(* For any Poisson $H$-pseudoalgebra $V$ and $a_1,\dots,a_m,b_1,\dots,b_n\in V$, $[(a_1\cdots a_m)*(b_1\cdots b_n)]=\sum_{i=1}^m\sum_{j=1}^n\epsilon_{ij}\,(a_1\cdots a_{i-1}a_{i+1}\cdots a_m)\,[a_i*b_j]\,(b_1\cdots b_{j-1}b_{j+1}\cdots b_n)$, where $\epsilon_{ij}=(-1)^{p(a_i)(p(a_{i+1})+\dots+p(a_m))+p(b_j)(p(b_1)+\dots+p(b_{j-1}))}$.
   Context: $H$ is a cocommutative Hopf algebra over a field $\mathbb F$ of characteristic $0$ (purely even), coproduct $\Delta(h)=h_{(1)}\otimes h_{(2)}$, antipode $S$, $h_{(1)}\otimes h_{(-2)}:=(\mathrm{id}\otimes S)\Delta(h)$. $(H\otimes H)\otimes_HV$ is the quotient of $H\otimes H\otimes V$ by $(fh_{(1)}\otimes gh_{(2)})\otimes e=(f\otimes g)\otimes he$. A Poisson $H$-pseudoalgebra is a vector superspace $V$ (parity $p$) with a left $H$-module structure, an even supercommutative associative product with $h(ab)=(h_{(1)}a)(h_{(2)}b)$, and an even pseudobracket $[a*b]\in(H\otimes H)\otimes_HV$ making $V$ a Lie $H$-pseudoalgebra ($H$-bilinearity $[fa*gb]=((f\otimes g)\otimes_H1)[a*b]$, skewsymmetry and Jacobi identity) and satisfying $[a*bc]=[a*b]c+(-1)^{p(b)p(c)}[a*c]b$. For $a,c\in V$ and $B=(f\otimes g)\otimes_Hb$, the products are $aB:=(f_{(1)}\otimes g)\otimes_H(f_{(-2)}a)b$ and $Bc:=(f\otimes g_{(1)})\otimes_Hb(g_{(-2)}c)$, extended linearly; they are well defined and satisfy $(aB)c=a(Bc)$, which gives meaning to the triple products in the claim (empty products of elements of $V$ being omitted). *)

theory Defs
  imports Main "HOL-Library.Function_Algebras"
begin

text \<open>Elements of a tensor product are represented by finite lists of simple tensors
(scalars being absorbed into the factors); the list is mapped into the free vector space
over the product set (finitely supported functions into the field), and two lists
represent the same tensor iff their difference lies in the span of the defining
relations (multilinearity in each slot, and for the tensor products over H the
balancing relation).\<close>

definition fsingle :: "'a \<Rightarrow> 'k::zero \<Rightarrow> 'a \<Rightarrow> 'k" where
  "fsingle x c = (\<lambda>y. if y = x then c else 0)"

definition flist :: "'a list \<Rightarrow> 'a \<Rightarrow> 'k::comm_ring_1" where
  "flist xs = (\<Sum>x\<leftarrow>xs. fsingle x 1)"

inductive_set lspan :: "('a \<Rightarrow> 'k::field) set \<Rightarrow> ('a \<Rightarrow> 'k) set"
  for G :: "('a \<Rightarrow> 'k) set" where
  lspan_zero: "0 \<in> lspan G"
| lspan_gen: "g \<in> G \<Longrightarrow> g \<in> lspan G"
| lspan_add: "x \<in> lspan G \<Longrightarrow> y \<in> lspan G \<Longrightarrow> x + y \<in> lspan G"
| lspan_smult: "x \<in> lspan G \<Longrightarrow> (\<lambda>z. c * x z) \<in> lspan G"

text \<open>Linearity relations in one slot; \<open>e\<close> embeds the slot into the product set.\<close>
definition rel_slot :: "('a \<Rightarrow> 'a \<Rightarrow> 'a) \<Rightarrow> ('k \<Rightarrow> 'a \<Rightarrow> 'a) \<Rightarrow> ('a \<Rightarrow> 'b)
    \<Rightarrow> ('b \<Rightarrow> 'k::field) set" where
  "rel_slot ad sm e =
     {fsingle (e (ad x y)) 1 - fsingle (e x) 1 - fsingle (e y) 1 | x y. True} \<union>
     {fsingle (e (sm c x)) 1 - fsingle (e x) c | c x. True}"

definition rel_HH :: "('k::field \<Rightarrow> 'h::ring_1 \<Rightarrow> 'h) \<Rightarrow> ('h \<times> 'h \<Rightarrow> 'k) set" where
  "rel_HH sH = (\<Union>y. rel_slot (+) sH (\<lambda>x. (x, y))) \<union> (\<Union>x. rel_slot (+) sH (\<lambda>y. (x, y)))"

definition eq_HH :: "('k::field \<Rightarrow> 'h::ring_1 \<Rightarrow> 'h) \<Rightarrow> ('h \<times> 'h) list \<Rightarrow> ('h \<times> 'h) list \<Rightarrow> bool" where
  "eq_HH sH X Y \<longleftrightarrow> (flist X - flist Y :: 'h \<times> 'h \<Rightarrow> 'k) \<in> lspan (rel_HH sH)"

* * * * *

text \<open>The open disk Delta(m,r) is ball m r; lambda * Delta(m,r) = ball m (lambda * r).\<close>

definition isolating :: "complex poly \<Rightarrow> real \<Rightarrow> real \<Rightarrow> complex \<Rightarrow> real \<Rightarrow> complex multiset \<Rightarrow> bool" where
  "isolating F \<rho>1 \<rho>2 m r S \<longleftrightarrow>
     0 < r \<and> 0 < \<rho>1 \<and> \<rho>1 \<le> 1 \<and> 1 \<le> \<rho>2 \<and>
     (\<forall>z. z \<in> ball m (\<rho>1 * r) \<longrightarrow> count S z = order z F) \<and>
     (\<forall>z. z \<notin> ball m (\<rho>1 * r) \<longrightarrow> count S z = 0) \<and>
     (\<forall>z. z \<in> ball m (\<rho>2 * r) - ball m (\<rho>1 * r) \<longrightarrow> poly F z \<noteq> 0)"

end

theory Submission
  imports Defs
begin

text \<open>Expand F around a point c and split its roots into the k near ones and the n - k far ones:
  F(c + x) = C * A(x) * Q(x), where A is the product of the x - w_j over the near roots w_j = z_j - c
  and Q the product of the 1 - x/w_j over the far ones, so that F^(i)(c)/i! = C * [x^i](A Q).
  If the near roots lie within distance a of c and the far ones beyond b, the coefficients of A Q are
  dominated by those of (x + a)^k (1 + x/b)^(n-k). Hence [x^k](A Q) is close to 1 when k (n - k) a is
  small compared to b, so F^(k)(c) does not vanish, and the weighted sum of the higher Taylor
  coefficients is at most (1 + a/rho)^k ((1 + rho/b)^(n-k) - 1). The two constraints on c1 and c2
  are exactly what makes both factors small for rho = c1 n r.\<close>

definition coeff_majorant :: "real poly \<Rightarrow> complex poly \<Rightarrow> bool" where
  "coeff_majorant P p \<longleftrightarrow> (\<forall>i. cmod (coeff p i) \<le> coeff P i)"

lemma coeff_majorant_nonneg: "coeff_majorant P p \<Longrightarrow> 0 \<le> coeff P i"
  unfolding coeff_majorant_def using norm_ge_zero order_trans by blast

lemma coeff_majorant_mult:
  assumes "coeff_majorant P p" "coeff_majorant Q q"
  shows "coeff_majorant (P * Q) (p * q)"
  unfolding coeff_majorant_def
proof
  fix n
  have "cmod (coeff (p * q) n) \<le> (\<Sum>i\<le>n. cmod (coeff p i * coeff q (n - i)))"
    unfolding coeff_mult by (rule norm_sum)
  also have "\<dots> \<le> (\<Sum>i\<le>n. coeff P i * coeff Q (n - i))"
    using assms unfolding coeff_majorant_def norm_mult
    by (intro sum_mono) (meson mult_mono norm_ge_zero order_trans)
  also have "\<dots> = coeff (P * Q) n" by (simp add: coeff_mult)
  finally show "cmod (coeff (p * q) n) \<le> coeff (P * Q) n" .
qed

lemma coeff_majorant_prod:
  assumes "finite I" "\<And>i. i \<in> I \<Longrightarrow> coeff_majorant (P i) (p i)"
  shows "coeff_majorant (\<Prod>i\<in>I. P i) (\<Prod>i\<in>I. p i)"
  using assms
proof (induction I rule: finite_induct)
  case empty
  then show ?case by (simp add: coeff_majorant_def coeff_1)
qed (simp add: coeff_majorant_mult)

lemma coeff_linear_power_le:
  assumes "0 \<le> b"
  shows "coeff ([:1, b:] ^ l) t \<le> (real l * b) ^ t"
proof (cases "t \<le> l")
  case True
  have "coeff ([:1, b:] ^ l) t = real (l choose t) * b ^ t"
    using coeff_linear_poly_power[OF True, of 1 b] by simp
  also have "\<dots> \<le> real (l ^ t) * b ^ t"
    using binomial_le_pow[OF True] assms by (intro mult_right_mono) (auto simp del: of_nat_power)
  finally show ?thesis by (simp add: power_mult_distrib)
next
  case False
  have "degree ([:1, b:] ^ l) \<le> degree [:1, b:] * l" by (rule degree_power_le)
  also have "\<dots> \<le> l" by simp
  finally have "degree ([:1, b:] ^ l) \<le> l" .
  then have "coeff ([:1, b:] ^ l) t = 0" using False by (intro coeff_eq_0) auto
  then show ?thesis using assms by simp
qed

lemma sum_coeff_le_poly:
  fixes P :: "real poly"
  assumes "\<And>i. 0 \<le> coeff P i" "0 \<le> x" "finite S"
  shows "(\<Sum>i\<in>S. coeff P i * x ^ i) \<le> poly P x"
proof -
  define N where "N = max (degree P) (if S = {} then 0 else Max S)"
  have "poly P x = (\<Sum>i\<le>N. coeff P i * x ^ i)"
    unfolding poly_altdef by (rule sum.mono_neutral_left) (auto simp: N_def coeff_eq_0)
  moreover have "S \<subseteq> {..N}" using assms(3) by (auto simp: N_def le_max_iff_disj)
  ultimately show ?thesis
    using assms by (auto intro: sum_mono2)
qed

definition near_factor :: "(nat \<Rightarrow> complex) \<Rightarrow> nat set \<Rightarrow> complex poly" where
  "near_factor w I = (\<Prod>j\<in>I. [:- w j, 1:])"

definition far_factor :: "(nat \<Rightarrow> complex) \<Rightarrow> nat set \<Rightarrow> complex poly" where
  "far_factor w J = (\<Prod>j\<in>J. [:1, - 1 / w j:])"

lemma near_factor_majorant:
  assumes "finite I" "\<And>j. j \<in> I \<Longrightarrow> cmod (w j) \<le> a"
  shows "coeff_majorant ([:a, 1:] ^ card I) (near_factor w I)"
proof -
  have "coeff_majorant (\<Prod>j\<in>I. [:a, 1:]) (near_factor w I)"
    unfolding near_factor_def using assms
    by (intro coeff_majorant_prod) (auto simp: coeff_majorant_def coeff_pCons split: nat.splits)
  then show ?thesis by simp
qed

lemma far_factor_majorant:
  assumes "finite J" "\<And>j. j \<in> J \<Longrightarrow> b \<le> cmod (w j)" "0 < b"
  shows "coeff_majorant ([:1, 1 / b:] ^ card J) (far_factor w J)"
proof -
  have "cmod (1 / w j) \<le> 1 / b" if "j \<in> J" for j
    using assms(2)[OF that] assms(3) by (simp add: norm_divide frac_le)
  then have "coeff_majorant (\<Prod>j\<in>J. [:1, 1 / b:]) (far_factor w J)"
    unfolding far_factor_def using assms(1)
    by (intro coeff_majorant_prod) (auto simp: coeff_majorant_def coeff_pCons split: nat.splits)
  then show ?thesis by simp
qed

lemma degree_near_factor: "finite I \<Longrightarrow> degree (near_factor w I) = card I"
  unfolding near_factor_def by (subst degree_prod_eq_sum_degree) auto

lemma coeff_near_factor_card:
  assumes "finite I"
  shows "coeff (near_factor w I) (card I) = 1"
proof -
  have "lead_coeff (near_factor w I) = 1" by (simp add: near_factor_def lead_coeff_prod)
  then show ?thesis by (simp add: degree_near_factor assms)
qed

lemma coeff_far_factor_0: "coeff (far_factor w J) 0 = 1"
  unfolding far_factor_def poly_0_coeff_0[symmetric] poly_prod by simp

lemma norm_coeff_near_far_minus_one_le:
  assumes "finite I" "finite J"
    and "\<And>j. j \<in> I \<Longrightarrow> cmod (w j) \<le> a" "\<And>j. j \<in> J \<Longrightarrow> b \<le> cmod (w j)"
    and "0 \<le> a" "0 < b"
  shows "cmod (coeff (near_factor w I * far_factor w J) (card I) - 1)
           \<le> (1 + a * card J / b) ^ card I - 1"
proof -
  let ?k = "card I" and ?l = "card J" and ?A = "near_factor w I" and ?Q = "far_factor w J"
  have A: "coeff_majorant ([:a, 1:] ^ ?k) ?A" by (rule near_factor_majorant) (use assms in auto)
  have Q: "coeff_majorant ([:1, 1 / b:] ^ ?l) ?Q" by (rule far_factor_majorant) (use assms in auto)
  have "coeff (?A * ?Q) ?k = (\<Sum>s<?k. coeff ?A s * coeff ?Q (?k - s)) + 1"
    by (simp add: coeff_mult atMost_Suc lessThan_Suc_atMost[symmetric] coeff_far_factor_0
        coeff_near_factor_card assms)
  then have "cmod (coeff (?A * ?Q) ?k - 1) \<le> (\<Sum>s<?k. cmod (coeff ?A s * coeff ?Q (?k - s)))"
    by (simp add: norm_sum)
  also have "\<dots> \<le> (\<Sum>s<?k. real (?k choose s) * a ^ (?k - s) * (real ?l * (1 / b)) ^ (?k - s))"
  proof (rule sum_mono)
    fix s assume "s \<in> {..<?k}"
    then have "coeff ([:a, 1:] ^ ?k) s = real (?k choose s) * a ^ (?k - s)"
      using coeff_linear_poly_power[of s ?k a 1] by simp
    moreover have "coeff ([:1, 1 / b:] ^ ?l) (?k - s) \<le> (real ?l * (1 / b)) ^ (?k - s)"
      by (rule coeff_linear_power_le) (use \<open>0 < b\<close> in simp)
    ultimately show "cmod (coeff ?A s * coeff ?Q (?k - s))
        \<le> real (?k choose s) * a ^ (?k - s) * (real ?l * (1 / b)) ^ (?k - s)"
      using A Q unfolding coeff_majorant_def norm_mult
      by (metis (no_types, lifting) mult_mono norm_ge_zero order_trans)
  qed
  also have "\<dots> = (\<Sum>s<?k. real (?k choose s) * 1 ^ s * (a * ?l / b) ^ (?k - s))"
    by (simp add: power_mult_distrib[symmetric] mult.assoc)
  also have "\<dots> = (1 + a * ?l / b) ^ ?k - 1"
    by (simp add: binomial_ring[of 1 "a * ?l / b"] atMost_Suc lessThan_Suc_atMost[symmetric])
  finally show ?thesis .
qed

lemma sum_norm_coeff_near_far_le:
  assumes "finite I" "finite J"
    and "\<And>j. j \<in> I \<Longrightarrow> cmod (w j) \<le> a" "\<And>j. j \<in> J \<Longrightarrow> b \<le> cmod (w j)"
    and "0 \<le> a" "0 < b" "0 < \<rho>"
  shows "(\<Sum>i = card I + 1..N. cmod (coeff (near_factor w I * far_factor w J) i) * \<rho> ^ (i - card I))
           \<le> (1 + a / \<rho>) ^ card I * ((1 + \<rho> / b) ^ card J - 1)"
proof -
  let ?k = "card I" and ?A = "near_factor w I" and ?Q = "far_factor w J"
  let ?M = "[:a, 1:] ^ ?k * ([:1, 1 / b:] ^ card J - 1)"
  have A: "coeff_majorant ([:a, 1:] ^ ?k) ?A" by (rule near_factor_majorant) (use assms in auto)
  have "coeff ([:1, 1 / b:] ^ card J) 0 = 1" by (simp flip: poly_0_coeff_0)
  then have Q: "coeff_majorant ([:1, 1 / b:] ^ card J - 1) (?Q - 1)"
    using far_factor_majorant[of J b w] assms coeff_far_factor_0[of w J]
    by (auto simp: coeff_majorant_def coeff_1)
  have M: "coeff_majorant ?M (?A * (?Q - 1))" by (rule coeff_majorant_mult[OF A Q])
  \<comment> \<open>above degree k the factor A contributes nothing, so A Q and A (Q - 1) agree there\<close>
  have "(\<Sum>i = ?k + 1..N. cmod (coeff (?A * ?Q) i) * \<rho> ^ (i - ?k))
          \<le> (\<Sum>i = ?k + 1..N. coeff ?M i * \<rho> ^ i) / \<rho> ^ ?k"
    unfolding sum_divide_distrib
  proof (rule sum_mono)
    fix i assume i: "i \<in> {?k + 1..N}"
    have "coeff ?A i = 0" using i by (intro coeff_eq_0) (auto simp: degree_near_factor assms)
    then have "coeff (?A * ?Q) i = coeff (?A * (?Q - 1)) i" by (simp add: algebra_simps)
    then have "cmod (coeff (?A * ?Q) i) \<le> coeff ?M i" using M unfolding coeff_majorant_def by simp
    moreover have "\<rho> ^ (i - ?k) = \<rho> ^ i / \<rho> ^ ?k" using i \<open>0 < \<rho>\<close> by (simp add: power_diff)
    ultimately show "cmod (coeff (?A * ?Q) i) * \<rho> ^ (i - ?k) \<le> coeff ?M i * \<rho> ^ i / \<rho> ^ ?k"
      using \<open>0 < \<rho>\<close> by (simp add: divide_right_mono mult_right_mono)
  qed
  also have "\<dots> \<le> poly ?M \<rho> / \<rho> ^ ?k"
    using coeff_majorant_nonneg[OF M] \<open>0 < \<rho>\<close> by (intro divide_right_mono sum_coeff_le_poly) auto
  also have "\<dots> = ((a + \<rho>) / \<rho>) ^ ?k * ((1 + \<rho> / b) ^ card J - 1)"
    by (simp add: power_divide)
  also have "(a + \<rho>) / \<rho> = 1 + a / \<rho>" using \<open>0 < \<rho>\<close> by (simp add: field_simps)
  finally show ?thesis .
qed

* * * * *

■ Assigned task ■
From the listing above, collect every line that mentions the word "intro".

■ Result of this exercise ■
    by (intro sum_mono) (meson mult_mono norm_ge_zero order_trans)
    using binomial_le_pow[OF True] assms by (intro mult_right_mono) (auto simp del: of_nat_power)
  then have "coeff ([:1, b:] ^ l) t = 0" using False by (intro coeff_eq_0) auto
    using assms by (auto intro: sum_mono2)
    by (intro coeff_majorant_prod) (auto simp: coeff_majorant_def coeff_pCons split: nat.splits)
    by (intro coeff_majorant_prod) (auto simp: coeff_majorant_def coeff_pCons split: nat.splits)
    have "coeff ?A i = 0" using i by (intro coeff_eq_0) (auto simp: degree_near_factor assms)
    using coeff_majorant_nonneg[OF M] \<open>0 < \<rho>\<close> by (intro divide_right_mono sum_coeff_le_poly) auto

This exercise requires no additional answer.